PROBLEM REQUIREMENTS =
I would like every line of the records below that contains the word "blast" copied.

SUPPLIED INFORMATION =
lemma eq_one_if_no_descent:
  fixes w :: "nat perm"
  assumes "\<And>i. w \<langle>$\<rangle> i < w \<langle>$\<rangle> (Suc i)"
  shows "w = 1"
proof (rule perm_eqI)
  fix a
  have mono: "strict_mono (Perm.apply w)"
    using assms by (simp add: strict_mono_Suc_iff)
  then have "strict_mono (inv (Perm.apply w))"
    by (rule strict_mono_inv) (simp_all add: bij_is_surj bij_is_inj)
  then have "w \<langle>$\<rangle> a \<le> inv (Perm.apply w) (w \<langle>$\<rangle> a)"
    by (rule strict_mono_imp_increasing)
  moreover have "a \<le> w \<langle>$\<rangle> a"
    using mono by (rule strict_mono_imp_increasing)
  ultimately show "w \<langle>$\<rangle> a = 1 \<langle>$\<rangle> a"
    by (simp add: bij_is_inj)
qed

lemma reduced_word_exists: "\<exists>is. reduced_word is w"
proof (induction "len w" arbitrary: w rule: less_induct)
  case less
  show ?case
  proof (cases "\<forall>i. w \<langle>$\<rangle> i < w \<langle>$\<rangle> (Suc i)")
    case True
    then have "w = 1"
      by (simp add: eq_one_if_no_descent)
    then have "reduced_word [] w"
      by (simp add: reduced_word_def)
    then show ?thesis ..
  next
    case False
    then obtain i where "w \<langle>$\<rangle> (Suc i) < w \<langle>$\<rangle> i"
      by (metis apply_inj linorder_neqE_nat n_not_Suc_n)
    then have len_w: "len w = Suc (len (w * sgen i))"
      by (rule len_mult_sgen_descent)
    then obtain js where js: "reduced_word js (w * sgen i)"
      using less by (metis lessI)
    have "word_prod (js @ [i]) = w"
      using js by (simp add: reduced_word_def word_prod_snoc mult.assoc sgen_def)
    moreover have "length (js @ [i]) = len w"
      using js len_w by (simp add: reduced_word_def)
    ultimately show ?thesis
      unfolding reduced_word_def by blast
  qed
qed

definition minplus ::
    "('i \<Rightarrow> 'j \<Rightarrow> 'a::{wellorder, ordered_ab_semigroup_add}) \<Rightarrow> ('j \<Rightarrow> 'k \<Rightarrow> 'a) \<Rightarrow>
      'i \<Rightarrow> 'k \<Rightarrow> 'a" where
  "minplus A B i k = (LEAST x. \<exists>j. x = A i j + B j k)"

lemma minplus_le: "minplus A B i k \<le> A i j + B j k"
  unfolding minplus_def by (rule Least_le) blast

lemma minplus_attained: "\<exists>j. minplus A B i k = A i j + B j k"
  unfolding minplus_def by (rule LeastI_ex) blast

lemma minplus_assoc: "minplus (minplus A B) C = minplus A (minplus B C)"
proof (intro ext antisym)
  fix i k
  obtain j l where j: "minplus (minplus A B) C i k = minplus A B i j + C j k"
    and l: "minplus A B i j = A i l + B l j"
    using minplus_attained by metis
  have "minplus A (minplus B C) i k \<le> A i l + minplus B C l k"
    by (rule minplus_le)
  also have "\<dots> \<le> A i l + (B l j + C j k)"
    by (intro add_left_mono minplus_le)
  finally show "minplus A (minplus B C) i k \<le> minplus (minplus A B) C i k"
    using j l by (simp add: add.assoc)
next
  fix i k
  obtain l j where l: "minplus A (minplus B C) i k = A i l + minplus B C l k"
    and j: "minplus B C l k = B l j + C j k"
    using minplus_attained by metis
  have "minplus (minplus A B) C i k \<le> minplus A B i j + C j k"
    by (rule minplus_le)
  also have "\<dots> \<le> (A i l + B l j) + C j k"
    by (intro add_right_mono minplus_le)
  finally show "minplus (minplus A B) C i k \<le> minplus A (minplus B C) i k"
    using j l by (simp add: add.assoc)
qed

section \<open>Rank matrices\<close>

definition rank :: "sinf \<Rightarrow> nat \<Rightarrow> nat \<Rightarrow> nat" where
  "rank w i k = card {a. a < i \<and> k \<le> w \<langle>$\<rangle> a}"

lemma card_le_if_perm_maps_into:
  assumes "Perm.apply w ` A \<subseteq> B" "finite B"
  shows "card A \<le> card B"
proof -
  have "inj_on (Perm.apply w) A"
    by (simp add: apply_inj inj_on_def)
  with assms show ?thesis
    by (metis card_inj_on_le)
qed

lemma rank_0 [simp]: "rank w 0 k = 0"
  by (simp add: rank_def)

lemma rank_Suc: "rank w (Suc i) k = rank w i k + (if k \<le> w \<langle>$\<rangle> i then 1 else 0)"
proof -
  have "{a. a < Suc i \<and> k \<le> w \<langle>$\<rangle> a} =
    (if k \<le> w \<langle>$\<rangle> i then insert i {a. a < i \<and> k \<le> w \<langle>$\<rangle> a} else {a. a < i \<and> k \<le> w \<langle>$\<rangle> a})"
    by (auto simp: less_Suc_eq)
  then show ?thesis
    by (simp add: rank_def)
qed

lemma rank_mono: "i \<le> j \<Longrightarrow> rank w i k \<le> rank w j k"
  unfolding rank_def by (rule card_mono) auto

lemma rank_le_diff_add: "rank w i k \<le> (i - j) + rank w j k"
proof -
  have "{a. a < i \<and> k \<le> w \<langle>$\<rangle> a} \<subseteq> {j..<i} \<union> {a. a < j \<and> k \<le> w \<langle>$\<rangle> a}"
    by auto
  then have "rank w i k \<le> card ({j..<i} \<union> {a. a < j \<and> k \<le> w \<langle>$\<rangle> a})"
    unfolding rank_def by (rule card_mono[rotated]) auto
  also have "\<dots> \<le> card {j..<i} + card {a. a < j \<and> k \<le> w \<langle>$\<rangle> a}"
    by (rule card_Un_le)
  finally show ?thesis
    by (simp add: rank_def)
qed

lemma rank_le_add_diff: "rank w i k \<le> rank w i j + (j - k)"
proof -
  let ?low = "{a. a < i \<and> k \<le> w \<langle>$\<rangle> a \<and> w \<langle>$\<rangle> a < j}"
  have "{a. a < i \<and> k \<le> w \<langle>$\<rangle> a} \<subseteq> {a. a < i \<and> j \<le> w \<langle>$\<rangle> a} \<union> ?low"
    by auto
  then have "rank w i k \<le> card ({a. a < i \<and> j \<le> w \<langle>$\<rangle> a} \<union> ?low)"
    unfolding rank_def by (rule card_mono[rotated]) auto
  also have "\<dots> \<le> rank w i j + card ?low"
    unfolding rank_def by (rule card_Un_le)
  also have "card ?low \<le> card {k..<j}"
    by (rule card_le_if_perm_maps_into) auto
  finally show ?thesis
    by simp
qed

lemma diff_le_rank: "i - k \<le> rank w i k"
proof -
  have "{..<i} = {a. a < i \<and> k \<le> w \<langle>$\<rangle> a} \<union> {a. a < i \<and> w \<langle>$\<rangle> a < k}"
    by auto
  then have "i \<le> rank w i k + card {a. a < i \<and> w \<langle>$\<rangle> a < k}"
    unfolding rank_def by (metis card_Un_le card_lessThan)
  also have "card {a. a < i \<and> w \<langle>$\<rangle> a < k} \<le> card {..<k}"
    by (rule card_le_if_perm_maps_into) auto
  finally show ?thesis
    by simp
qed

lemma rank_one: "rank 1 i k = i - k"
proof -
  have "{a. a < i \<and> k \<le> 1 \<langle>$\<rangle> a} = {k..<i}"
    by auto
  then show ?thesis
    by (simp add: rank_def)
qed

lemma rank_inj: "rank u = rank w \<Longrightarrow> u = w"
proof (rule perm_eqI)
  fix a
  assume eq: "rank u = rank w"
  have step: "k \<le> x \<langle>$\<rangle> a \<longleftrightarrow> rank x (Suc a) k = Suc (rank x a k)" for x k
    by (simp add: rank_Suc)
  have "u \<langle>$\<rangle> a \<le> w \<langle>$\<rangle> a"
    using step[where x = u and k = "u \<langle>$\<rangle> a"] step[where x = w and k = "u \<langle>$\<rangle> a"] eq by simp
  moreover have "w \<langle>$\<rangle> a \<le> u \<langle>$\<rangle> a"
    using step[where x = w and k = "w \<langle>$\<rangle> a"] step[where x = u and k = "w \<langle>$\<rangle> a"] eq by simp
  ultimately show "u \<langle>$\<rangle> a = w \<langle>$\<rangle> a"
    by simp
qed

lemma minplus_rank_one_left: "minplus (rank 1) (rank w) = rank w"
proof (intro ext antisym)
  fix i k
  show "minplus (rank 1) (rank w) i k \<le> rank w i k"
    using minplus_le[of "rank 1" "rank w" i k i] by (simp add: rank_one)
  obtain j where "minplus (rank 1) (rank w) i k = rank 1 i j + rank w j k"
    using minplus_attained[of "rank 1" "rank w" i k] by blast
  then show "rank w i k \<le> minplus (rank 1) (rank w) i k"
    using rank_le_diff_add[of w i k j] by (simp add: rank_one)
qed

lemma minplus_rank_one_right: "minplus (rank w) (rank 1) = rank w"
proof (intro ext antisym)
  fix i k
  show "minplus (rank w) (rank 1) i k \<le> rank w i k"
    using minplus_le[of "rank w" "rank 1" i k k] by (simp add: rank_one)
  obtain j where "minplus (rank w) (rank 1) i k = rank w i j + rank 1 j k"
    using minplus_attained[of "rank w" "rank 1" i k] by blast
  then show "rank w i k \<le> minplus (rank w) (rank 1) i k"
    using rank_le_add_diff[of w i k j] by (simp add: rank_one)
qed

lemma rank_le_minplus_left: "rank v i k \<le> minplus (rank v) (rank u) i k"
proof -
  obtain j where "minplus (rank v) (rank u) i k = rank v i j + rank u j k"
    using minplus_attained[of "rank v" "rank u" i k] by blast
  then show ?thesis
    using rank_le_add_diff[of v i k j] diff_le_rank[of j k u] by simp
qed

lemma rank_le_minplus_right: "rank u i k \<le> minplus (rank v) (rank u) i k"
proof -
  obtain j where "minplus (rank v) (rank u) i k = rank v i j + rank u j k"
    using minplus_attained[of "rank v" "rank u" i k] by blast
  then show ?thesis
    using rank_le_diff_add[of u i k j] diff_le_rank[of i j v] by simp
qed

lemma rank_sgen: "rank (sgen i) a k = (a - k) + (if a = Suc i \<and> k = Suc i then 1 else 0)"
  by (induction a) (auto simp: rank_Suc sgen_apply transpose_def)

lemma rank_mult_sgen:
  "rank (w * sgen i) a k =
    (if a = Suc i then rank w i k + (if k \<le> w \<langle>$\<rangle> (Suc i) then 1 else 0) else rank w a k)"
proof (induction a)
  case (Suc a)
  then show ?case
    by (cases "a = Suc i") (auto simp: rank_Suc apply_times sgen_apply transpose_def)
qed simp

WRITTEN SOLUTION =
      unfolding reduced_word_def by blast
  unfolding minplus_def by (rule Least_le) blast
  unfolding minplus_def by (rule LeastI_ex) blast
    using minplus_attained[of "rank 1" "rank w" i k] by blast
    using minplus_attained[of "rank w" "rank 1" i k] by blast
    using minplus_attained[of "rank v" "rank u" i k] by blast
    using minplus_attained[of "rank v" "rank u" i k] by blast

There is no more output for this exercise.